Data to examine:
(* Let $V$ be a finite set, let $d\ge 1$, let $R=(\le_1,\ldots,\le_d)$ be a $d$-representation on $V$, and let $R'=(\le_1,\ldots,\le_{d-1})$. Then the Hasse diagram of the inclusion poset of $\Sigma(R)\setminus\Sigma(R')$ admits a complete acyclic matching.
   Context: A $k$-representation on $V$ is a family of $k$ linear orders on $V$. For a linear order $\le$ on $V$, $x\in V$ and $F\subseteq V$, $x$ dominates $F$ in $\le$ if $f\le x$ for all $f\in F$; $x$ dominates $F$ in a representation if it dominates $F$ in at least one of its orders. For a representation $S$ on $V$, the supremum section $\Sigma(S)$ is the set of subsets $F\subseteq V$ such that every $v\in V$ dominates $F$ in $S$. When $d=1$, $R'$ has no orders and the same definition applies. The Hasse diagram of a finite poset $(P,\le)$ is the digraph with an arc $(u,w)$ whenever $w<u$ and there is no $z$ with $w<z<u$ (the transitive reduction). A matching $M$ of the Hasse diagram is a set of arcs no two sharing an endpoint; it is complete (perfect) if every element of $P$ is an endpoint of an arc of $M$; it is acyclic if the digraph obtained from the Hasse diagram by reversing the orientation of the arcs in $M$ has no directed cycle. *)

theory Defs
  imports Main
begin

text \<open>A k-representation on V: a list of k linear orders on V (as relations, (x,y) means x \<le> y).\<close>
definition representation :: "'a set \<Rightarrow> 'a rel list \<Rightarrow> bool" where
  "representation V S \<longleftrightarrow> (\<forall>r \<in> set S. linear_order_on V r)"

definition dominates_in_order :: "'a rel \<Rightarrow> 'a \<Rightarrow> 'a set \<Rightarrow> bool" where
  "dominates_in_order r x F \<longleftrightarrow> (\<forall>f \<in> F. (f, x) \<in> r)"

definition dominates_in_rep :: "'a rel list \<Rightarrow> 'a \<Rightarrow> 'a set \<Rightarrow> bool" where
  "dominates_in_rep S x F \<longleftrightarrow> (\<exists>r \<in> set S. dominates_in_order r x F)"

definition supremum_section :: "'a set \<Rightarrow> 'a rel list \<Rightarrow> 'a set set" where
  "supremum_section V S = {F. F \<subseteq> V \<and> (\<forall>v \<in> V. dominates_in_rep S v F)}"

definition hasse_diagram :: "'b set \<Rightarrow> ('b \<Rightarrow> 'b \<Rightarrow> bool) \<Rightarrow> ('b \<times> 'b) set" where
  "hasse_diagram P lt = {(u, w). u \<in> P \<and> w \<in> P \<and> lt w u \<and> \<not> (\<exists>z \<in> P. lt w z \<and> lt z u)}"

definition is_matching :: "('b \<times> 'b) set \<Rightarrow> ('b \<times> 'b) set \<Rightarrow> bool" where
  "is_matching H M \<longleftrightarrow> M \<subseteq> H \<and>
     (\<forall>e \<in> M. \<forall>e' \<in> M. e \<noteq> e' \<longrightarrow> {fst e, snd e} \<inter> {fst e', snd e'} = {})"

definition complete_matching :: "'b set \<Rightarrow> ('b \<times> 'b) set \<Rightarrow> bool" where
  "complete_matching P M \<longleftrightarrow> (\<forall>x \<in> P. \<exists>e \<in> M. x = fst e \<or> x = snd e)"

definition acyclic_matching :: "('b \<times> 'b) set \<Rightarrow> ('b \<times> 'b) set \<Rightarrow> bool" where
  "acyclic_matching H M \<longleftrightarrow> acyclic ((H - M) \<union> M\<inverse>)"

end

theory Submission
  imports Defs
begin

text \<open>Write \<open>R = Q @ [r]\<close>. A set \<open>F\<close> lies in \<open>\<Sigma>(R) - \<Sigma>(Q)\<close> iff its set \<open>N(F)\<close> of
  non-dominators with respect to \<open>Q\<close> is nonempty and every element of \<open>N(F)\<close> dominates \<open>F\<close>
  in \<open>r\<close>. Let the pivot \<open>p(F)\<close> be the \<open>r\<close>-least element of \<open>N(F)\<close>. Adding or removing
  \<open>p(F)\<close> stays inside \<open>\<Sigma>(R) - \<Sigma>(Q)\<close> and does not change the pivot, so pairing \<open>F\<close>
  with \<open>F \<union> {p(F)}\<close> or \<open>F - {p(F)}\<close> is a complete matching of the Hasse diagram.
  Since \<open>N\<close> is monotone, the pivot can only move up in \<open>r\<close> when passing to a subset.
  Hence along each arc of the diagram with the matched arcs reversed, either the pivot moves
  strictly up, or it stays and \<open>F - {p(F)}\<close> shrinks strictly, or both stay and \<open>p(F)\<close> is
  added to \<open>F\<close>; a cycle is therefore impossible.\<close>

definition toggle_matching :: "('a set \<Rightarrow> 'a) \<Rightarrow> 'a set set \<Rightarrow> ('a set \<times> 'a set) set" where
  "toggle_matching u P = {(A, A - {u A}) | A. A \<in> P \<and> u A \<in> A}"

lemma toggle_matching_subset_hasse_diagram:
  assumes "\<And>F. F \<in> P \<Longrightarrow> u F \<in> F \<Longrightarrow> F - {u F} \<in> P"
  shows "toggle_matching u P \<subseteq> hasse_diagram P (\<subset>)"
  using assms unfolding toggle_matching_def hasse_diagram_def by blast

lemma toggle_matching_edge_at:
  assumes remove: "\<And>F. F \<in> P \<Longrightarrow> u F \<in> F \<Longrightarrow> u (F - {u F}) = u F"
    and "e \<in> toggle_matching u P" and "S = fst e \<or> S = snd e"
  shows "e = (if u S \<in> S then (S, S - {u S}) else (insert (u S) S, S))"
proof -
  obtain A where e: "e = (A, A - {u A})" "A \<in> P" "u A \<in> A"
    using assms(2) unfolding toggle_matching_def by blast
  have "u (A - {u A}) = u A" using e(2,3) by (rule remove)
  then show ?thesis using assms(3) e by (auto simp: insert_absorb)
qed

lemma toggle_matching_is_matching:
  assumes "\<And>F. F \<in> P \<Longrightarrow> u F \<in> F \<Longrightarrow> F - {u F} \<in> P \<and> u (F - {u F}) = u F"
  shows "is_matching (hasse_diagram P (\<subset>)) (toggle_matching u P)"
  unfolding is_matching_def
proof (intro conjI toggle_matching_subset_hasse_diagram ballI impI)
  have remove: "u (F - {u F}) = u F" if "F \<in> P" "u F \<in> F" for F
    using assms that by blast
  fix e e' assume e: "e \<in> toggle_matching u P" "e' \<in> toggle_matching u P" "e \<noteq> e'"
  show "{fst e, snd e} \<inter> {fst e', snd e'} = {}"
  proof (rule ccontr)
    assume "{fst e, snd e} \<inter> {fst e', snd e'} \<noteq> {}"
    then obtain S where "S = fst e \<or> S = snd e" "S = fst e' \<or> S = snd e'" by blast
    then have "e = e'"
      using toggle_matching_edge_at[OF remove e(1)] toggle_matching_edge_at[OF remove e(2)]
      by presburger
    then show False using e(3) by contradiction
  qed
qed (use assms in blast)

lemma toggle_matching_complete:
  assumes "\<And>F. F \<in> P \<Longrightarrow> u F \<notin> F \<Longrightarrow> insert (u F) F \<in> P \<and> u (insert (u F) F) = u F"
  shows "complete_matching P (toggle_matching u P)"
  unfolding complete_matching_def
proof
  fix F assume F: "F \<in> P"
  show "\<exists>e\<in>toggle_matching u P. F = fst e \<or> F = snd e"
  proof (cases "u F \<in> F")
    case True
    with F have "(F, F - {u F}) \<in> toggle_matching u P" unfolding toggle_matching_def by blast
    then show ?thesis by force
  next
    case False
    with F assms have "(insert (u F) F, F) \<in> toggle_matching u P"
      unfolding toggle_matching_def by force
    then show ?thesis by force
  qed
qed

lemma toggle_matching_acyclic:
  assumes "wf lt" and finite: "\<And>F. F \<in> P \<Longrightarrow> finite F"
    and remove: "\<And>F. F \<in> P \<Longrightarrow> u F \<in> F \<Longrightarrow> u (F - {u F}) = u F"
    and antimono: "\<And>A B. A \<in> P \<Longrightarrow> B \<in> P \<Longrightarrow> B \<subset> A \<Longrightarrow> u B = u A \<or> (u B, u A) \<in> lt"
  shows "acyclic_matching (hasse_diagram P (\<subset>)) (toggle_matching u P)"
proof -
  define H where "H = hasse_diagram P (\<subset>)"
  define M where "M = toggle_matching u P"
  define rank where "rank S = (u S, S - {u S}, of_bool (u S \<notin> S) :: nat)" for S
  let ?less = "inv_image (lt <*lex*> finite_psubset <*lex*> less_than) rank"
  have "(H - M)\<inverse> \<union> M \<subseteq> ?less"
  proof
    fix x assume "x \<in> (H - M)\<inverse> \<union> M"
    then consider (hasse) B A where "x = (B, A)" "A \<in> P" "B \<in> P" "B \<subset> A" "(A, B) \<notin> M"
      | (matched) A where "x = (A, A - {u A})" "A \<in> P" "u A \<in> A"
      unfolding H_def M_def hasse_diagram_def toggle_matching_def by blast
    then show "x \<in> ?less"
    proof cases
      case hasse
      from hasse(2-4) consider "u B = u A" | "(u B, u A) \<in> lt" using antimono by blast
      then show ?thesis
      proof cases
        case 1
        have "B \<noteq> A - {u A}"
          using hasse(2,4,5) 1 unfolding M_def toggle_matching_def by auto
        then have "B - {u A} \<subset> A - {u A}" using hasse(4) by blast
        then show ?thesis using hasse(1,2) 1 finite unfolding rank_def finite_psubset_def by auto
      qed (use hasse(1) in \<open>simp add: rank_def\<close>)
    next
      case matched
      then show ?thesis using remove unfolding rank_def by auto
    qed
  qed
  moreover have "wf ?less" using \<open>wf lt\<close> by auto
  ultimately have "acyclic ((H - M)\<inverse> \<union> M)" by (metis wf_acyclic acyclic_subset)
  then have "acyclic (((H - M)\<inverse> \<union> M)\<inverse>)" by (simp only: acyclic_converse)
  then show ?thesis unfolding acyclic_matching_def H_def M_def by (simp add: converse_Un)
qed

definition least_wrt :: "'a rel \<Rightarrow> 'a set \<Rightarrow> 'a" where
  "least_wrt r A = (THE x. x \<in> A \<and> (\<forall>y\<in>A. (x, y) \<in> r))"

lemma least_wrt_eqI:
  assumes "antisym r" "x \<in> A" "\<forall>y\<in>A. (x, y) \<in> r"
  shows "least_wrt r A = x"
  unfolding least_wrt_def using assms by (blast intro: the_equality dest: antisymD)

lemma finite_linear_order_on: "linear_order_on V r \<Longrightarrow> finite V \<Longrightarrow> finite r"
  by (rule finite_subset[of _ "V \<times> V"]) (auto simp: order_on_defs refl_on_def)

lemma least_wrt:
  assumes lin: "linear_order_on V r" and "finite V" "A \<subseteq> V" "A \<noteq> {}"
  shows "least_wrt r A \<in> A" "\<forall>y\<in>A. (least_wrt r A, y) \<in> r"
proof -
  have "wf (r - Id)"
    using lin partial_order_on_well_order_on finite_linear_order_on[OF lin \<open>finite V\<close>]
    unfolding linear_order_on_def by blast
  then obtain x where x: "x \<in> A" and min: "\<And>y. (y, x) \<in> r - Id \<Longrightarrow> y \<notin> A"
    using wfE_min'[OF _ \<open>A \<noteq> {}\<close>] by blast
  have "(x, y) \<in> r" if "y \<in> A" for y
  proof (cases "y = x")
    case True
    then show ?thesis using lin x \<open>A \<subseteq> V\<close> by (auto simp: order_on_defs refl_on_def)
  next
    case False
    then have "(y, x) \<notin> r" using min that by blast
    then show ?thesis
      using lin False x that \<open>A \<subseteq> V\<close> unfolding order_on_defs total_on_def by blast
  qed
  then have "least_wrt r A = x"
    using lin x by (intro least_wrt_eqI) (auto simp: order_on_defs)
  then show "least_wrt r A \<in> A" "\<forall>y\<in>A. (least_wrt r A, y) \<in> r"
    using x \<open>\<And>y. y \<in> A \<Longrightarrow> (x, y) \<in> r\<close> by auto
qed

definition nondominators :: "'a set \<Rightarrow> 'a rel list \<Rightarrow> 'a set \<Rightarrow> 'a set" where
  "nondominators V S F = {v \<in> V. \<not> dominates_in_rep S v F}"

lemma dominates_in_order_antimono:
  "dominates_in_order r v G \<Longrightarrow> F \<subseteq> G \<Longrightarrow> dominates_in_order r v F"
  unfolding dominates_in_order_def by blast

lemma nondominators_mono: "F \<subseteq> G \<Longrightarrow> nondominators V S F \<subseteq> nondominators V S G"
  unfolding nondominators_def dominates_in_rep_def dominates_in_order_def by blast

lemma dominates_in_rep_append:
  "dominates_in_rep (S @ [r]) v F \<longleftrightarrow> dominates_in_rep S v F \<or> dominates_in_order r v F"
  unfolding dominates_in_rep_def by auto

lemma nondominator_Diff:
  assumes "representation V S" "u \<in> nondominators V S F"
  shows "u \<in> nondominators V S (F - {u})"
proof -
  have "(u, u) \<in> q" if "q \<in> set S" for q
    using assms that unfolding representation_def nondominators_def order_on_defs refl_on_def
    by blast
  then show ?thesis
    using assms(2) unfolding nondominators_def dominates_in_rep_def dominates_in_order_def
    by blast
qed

Aim of the task:
Within the material above, find the lines that contain the word "proof"; copy them.

Solution below:
proof -
proof (intro conjI toggle_matching_subset_hasse_diagram ballI impI)
  proof (rule ccontr)
proof
  proof (cases "u F \<in> F")
proof -
  proof
    proof cases
      proof cases
proof -
  proof (cases "y = x")
proof -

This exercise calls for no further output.